There’s one era, I think, that she actually outlived. Most of the obituaries and tributes I’ve been reading today make a point of contrasting her down-to-earth personality as a singer with her success as an administrator, particularly at steering the New York City Opera through a notably difficult period in the 1980s. Tim Page spelled it out clearest in his tribute:

She was the telegenic “diva next door,” a friendly redhead from Brooklyn whose friends called her Bubbles; she was an aggressive Manhattan snob who never let it be forgotten that she did hold grudges. She was the warmest and most brilliant American coloratura soprano of her time; she was a high-culture power broker and adept political infighter. Those who knew her slightly liked her enormously; those who knew her better were sometimes a little afraid of her.

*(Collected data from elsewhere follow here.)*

lemma has_cp_decomposition_kron_conj_sum:
  fixes E :: "nat \<Rightarrow> complex^'n::finite^'n"
  shows "has_cp_decomposition (kron_conj_sum w E r) (\<Sum>i<r. rank (E i) ^ 2)"
proof -
  have "\<exists>x y. \<forall>a b. E i $ a $ b = (\<Sum>k<rank (E i). x k $ a * y k $ b)" for i
    by (rule rank_decomposition)
  then obtain X Y :: "nat \<Rightarrow> nat \<Rightarrow> complex^'n"
    where XY: "\<And>i a b. E i $ a $ b = (\<Sum>k<rank (E i). X i k $ a * Y i k $ b)"
    by metis
  define S where "S = Sigma {..<r} (\<lambda>i. {..<rank (E i)} \<times> {..<rank (E i)})"
  define T where "T i k l a b c d =
    w i * X i k $ a * Y i k $ b * cnj (X i l $ c) * cnj (Y i l $ d)" for i k l a b c d
  have summand: "w i * (E i $ a $ b * cnj (E i $ c $ d)) =
      (\<Sum>(k, l)\<in>{..<rank (E i)} \<times> {..<rank (E i)}. T i k l a b c d)" for i a b c d
  proof -
    have "E i $ a $ b * cnj (E i $ c $ d) = (\<Sum>k<rank (E i). \<Sum>l<rank (E i).
        (X i k $ a * Y i k $ b) * cnj (X i l $ c * Y i l $ d))"
      by (simp only: XY cnj_sum sum_product)
    then show ?thesis
      by (simp add: sum.cartesian_product[symmetric] T_def sum_distrib_left mult.assoc)
  qed
  have "kron_conj_sum w E r = (\<lambda>a b c d. \<Sum>q\<in>S. T (fst q) (fst (snd q)) (snd (snd q)) a b c d)"
    unfolding kron_conj_sum_def summand S_def by (subst sum.Sigma) (auto simp: case_prod_beta')
  also have "\<dots> = (\<lambda>a b c d. \<Sum>q\<in>S. (w (fst q) *s X (fst q) (fst (snd q))) $ a
      * Y (fst q) (fst (snd q)) $ b * (\<chi> c. cnj (X (fst q) (snd (snd q)) $ c)) $ c
      * (\<chi> d. cnj (Y (fst q) (snd (snd q)) $ d)) $ d)"
    by (simp add: T_def)
  finally have "has_cp_decomposition (kron_conj_sum w E r) (card S)"
    by (rule has_cp_decomposition_sum[rotated]) (simp add: S_def)
  moreover have "card S = (\<Sum>i<r. rank (E i) ^ 2)"
    unfolding S_def by (simp add: card_SigmaI power2_eq_square)
  ultimately show ?thesis by simp
qed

Beverly Sills, who died of lung cancer yesterday at the age of 78, was a complicated person, and any attempt to sum up her life and work will necessarily turn into a string of contradictions.

Sills always struck me as someone whose ebullience sprang from an absolute comfort in her own skin, which is perhaps the best political defense one can have, and throughout her career, though just as demanding as any diva, those demands came with a distinctly non-temperamental, cool assessment of risk and reward. (Anthony Tommasini relates the famous story of her landing the role of Cleopatra in Handel’s Giulio Cesare, as much a Napoleonically deft flanking maneuver as a prima donna‘s ultimatum.) Besides, anyone who makes a career out of classical music by necessity develops a certain amount of determination and thick skin; Sills just had it to an unusual degree. So why the surprise? Sills herself thought it was her gender; in 1986, having stared down one musician’s strike and succesfully avoided another, she took stock of her NYCO tenure in a New York Times interview. ”What I really resent is that people underestimated me,” she said. ”I was naive when I took on this job, but I was not stupid. I think if I was a man, I wouldn’t have taken the abuse I took here.”

So as you peruse the recorded legacy, it’s also worth considering the way society has changed in the past half-century such that Sills strikes us as contradictory. Back in the 1940s, when Sills was just starting out, her combination of grit, savvy, and vivacity wouldn’t have been hard to reconcile. She would have been called a tough dame. It would have been a compliment.